● **PROVIDED ENTRIES**

definition weight_fun :: "(real \<Rightarrow> real) \<Rightarrow> bool" where
  "weight_fun \<omega> \<longleftrightarrow>
     \<omega> \<in> borel_measurable (restrict_space borel {0..<1}) \<and>
     (\<forall>x\<in>{0..<1}. \<omega> x > 0) \<and>
     (\<exists>C. \<forall>x\<in>{0..<1}. \<omega> x \<le> C) \<and>
     (\<exists>C. \<forall>x\<in>{0..<1}. 1 / \<omega> x \<le> C)"

definition admissible_test :: "nat \<Rightarrow> real \<Rightarrow> (real \<Rightarrow> real) \<Rightarrow> nat
    \<Rightarrow> (real \<Rightarrow> nat list \<Rightarrow> nat list \<Rightarrow> real) \<Rightarrow> bool" where
  "admissible_test b \<gamma> \<psi> q V \<longleftrightarrow>
     (\<forall>u\<in>words b q. \<forall>v\<in>words b q.
        (\<lambda>x. V x u v) \<in> borel_measurable (restrict_space borel {0..<1}) \<and>
        (\<forall>x\<in>{0..<1}. V x u v \<ge> 0)) \<and>
     (\<exists>\<epsilon>>0. \<exists>\<delta>>0. \<forall>x\<in>{0..<1}. \<forall>u v. (u, v) \<in> Eset b \<gamma> \<psi> q x \<epsilon> \<delta> \<longrightarrow>
        V x u v * V x v u \<ge> 1)"

definition SigmaVw :: "nat \<Rightarrow> nat \<Rightarrow> (real \<Rightarrow> nat list \<Rightarrow> nat list \<Rightarrow> real)
    \<Rightarrow> (real \<Rightarrow> real) \<Rightarrow> real \<Rightarrow> real" where
  "SigmaVw b q V \<omega> x =
     Max ((\<lambda>u. \<omega> x / \<omega> (xmap b x u) * (\<Sum>v\<in>words b q. V x u v)) ` words b q)"

definition sigma_q :: "nat \<Rightarrow> real \<Rightarrow> (real \<Rightarrow> real) \<Rightarrow> nat \<Rightarrow> ereal" where
  "sigma_q b \<gamma> \<psi> q =
     (INF p \<in> {(\<omega>, V). weight_fun \<omega> \<and> admissible_test b \<gamma> \<psi> q V}.
        esssup (restrict_space lborel {0..<1})
          (\<lambda>x. ereal (SigmaVw b q (snd p) (fst p) x)))"

end

theory Submission
  imports Defs
begin

text \<open>Take the weight sqrt 2 on K and 1 elsewhere, and let the testing function be 1 on
  the diagonal and, at points outside K, on pairs of words that are strictly tangent there.
  At x in K only the diagonal contributes, so the weighted sum is at most
  sqrt 2 / omega(x(u)) \<le> sqrt 2. At x outside K a word u has at most one tangent partner
  besides itself, and if it has one then x(u) lies in K, so the sum is at most
  2 / sqrt 2 = sqrt 2. Strict tangency is an open condition in x because S and S' are
  continuous; this makes the testing function measurable, and admissibility holds with the
  halved constants.\<close>

lemma periodic_shift_int:
  fixes g :: "real \<Rightarrow> 'a"
  assumes per: "\<forall>x. g (x + 1) = g x"
  shows "g (x + of_int n) = g x"
proof (induction n rule: int_induct[where k = 0])
  case (step1 i)
  then show ?case using per[rule_format, of "x + of_int i"] by (simp add: add.assoc)
next
  case (step2 i)
  then show ?case using per[rule_format, of "x + of_int (i - 1)"] by (simp add: add.assoc)
qed simp

lemma bounded_range_periodic:
  fixes g :: "real \<Rightarrow> real"
  assumes per: "\<forall>x. g (x + 1) = g x" and cont: "continuous_on {0..1} g"
  shows "bounded (range g)"
proof -
  have "g x \<in> g ` {0..1}" for x
  proof -
    have "frac x \<in> {0..1}" using frac_ge_0[of x] frac_lt_1[of x] by simp
    moreover have "g x = g (frac x)"
      using periodic_shift_int[OF per, of "frac x" "\<lfloor>x\<rfloor>"] by (simp add: frac_def)
    ultimately show ?thesis by (rule rev_image_eqI)
  qed
  then have "range g \<subseteq> g ` {0..1}" by blast
  moreover have "bounded (g ` {0..1})"
    by (rule compact_imp_bounded[OF compact_continuous_image[OF cont compact_Icc]])
  ultimately show ?thesis by (rule bounded_subset[rotated])
qed

lemma deriv_periodic:
  fixes \<psi> :: "real \<Rightarrow> real"
  assumes per: "\<forall>x. \<psi> (x + 1) = \<psi> x" and diff: "\<psi> differentiable_on UNIV"
  shows "\<forall>x. deriv \<psi> (x + 1) = deriv \<psi> x"
proof
  fix x :: real
  have "DERIV \<psi> (x + 1) :> deriv \<psi> (x + 1)"
    using diff by (simp add: differentiable_on_def DERIV_deriv_iff_real_differentiable)
  then have "DERIV (\<lambda>y. \<psi> (y + 1)) x :> deriv \<psi> (x + 1)"
    by (rule DERIV_shift[THEN iffD1])
  moreover have "(\<lambda>y. \<psi> (y + 1)) = \<psi>" using per by auto
  ultimately show "deriv \<psi> (x + 1) = deriv \<psi> x" by (simp add: DERIV_imp_deriv)
qed

lemma series_has_field_derivative_continuous:
  fixes f f' :: "nat \<Rightarrow> real \<Rightarrow> real" and a :: "nat \<Rightarrow> real"
  assumes deriv: "\<And>n x. (f n has_field_derivative f' n x) (at x)"
    and cont: "\<And>n. continuous_on UNIV (f' n)"
    and bound: "\<And>n x. \<bar>f' n x\<bar> \<le> a n" and summ: "summable a"
    and summ0: "summable (\<lambda>n. f n 0)"
  shows "((\<lambda>x. \<Sum>n. f n x) has_field_derivative (\<Sum>n. f' n x)) (at x)"
    and "continuous_on UNIV (\<lambda>x. \<Sum>n. f' n x)"
proof -
  have unif: "uniform_limit UNIV (\<lambda>n x. \<Sum>i<n. f' i x) (\<lambda>x. \<Sum>i. f' i x) sequentially"
    using bound by (intro Weierstrass_m_test[OF _ summ]) auto
  then have "uniformly_convergent_on UNIV (\<lambda>n x. \<Sum>i<n. f' i x)"
    by (auto simp: uniformly_convergent_on_def)
  then show "((\<lambda>x. \<Sum>n. f n x) has_field_derivative (\<Sum>n. f' n x)) (at x)"
    using deriv summ0 by (intro has_field_derivative_series'(2)[OF convex_UNIV]) auto
  have "\<forall>\<^sub>F n in sequentially. continuous_on UNIV (\<lambda>x. \<Sum>i<n. f' i x)"
    by (intro always_eventually allI continuous_on_sum cont)
  then show "continuous_on UNIV (\<lambda>x. \<Sum>n. f' n x)"
    using uniform_limit_theorem[OF _ unif] by simp
qed

lemma abs_power_mult_divide_le:
  fixes \<gamma> y M B :: real
  assumes "\<bar>y\<bar> \<le> M" "1 \<le> B"
  shows "\<bar>\<gamma> ^ n * y / B\<bar> \<le> \<bar>\<gamma>\<bar> ^ n * M"
proof -
  have "0 \<le> M" using order_trans[OF abs_ge_zero assms(1)] .
  then have "\<bar>y\<bar> \<le> M * B" using assms order_trans[OF _ mult_left_mono[OF assms(2)]] by simp
  then have "\<bar>y\<bar> / B \<le> M" using assms(2) by (intro mult_imp_div_pos_le) auto
  then have "\<bar>\<gamma>\<bar> ^ n * (\<bar>y\<bar> / B) \<le> \<bar>\<gamma>\<bar> ^ n * M" by (rule mult_left_mono) simp
  then show ?thesis using assms(2) by (simp add: abs_mult power_abs)
qed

● **INSTRUCTIONS TO FOLLOW**
Copy each line of the listing that includes "ultimately".

● **THE COMPLETED TASK**
    ultimately show ?thesis by (rule rev_image_eqI)
  ultimately show ?thesis by (rule bounded_subset[rotated])
  ultimately show "deriv \<psi> (x + 1) = deriv \<psi> x" by (simp add: DERIV_imp_deriv)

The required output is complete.